Demonstrated Understanding of the Technical Requirement

AT&T also protests the agency’s evaluation of proposals under the second evaluation factor, demonstrated understanding of the technical requirement. In this regard, AT&T first contends that the tasks involved in the two call orders could only be performed by AT&T, as the incumbent, and that any evaluation finding other offerors to be qualified to perform the contract requirements is unreasonable.
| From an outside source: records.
(* Let $ABC$ be a triangle with incenter $I$ and Bevan point $B_e$. Let $A', B', C'$ be the feet of the perpendiculars from $B_e$ to $AI, BI, CI$ respectively. Then the orthocenter of triangle $A'B'C'$ coincides with the Nagel point of $ABC$.
   Context: The Bevan point $B_e$ of $ABC$ is the circumcenter of the excentral triangle $I_AI_BI_C$ (the triangle formed by the three excenters of $ABC$). The Nagel point of $ABC$ is the common point of the lines joining each vertex to the point where the corresponding excircle touches the opposite side. *)

theory Defs
  imports "HOL-Analysis.Analysis"
begin

type_synonym point = "real^2"

definition incenter :: "point \<Rightarrow> point \<Rightarrow> point \<Rightarrow> point" where
  "incenter A B C =
     (let a = dist B C; b = dist C A; c = dist A B
      in (1 / (a + b + c)) *\<^sub>R (a *\<^sub>R A + b *\<^sub>R B + c *\<^sub>R C))"

text \<open>Excenter opposite to vertex A (centre of the excircle tangent to side BC).\<close>
definition excenter :: "point \<Rightarrow> point \<Rightarrow> point \<Rightarrow> point" where
  "excenter A B C =
     (let a = dist B C; b = dist C A; c = dist A B
      in (1 / (- a + b + c)) *\<^sub>R ((- a) *\<^sub>R A + b *\<^sub>R B + c *\<^sub>R C))"

definition circumcenter :: "point \<Rightarrow> point \<Rightarrow> point \<Rightarrow> point" where
  "circumcenter P Q R = (THE X. dist X P = dist X Q \<and> dist X Q = dist X R)"

definition bevan_point :: "point \<Rightarrow> point \<Rightarrow> point \<Rightarrow> point" where
  "bevan_point A B C = circumcenter (excenter A B C) (excenter B C A) (excenter C A B)"

definition foot :: "point \<Rightarrow> point \<Rightarrow> point \<Rightarrow> point" where
  "foot P U V = U + (((P - U) \<bullet> (V - U)) / ((V - U) \<bullet> (V - U))) *\<^sub>R (V - U)"

text \<open>Nagel point: the common point of the lines joining each vertex to the point
  where the corresponding excircle touches the opposite side (the touch point being
  the foot of the perpendicular from the excenter onto that side).\<close>
definition nagel_point :: "point \<Rightarrow> point \<Rightarrow> point \<Rightarrow> point" where
  "nagel_point A B C =
     (THE N. collinear {A, foot (excenter A B C) B C, N}
           \<and> collinear {B, foot (excenter B C A) C A, N}
           \<and> collinear {C, foot (excenter C A B) A B, N})"

definition is_orthocenter :: "point \<Rightarrow> point \<Rightarrow> point \<Rightarrow> point \<Rightarrow> bool" where
  "is_orthocenter P Q R H \<longleftrightarrow>
     (H - P) \<bullet> (R - Q) = 0 \<and> (H - Q) \<bullet> (P - R) = 0 \<and> (H - R) \<bullet> (Q - P) = 0"

end

theory Submission
  imports Defs
begin

(* The incenter I is the orthocenter of the excentral triangle I_A I_B I_C: the internal and
   external bisectors at A are perpendicular, and A lies on I_B I_C.  By Euler's relation
   O = (P + Q + R - H)/2, the Bevan point is Be = (I_A + I_B + I_C - I)/2.  Hence
   Be - (A + (I_A - I)/2) = ((I_B - A) + (I_C - A))/2 is perpendicular to AI, while
   A + (I_A - I)/2 lies on AI, so this point is the foot A'.  The Nagel point is
   ((s-a) A + (s-b) B + (s-c) C)/s, the only common point of two of its cevians.  In affine
   coordinates over A, B, C, with inner products given by the law of cosines, the orthogonality
   of N - A' and C' - B' becomes a rational identity in a, b, c; the two other altitude
   conditions follow by relabelling the triangle cyclically. *)

lemma dist_eq_iff_inner_midpoint:
  fixes X P Q :: "'a::real_inner"
  shows "dist X P = dist X Q \<longleftrightarrow> (X - midpoint P Q) \<bullet> (Q - P) = 0"
proof -
  have mid: "(X - midpoint P Q) \<bullet> (Q - P) = ((X - P) \<bullet> (X - P) - (X - Q) \<bullet> (X - Q)) / 2"
    by (simp add: midpoint_def inner_commute algebra_simps)
  have "dist X P = dist X Q \<longleftrightarrow> (X - P) \<bullet> (X - P) = (X - Q) \<bullet> (X - Q)"
    by (simp add: dist_norm norm_eq_sqrt_inner)
  then show ?thesis
    unfolding mid by simp
qed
Throughout its protest submissions, AT&T repeats variations of this view asserting, for example, that “Call Order 0001 [r]equired [i]ncumbent [p]ersonnel,” Protester’s Comments, Call Order 1, at 34; maintaining “[it is] clear that only the existing SAC [Simulation and Analysis Center] contractor staff had a realistic possibility of being able to perform the Call Order,” id. at 40; proclaiming that “only the incumbent personnel . . . could possibly be able to continue to support SAC,” id. at 41; and representing that “[c]ompeting offerors . . . could not possibly provide the necessary support.” Id. at 42. See also, Protester’s Comments, Call Order 2, at 34, 35, 37-39. AT&T summarizes its arguments stating that “the Call Order itself” made clear “that contractor turnover was not wanted,” id. at 42, and complains that the agency ignored this alleged fact, improperly giving competing offerors credit for the personnel they proposed.[10] Protester’s Comments, Call Order 1, at 43; Protester’s Comments, Call Order 2, at 40.

We will not read solicitation provisions in a manner that restricts competition, unless it is clear from the solicitation that such a restrictive interpretation was intended. MAR Inc., B-242465, May 6, 1991, 91-1 CPD ¶ 437 at 4. In reviewing a protest against an agency’s evaluation of proposals, our Office will not substitute our (or the protester’s) judgment for that of the agency but, rather, we will examine the record to determine whether the agency’s judgments were reasonable and consistent with the stated evaluation criteria and applicable procurement statutes and regulations. See Shumaker Trucking & Excavating Contractors, Inc., B-290732, Sept. 25, 2002, 2002 CPD ¶ 169 at 3. In this regard, the evaluation of an offeror’s proposal is a matter within the agency’s broad discretion, since the agency is responsible for defining its needs and the best method for accommodating them. U.S. Textiles, Inc., B-289685.3, Dec. 19, 2002, 2002 CPD ¶ 218 at 2. A protester’s mere disagreement with the agency’s judgment does not establish that the evaluation was unreasonable. C. Lawrence Constr. Co., Inc., B-287066, Mar. 30, 2001, 2001 CPD ¶ 70 at 4.

Here, we see nothing in the solicitation that indicates that only incumbent personnel would be eligible to perform the contract. Rather, we note that the RFP was issued as a competitive procurement and stated that the agency will use commercial off the shelf (COTS) and government off the shelf (GOTS) models and tools. RFP at 000014. Further, the agency maintains, and we agree, that the RFP did not require the proposed personnel to have experience identical to that of the incumbent personnel. Rather, personnel were to have direct, prior experience that would demonstrate the capability to perform specified types of work under the contracts.[11]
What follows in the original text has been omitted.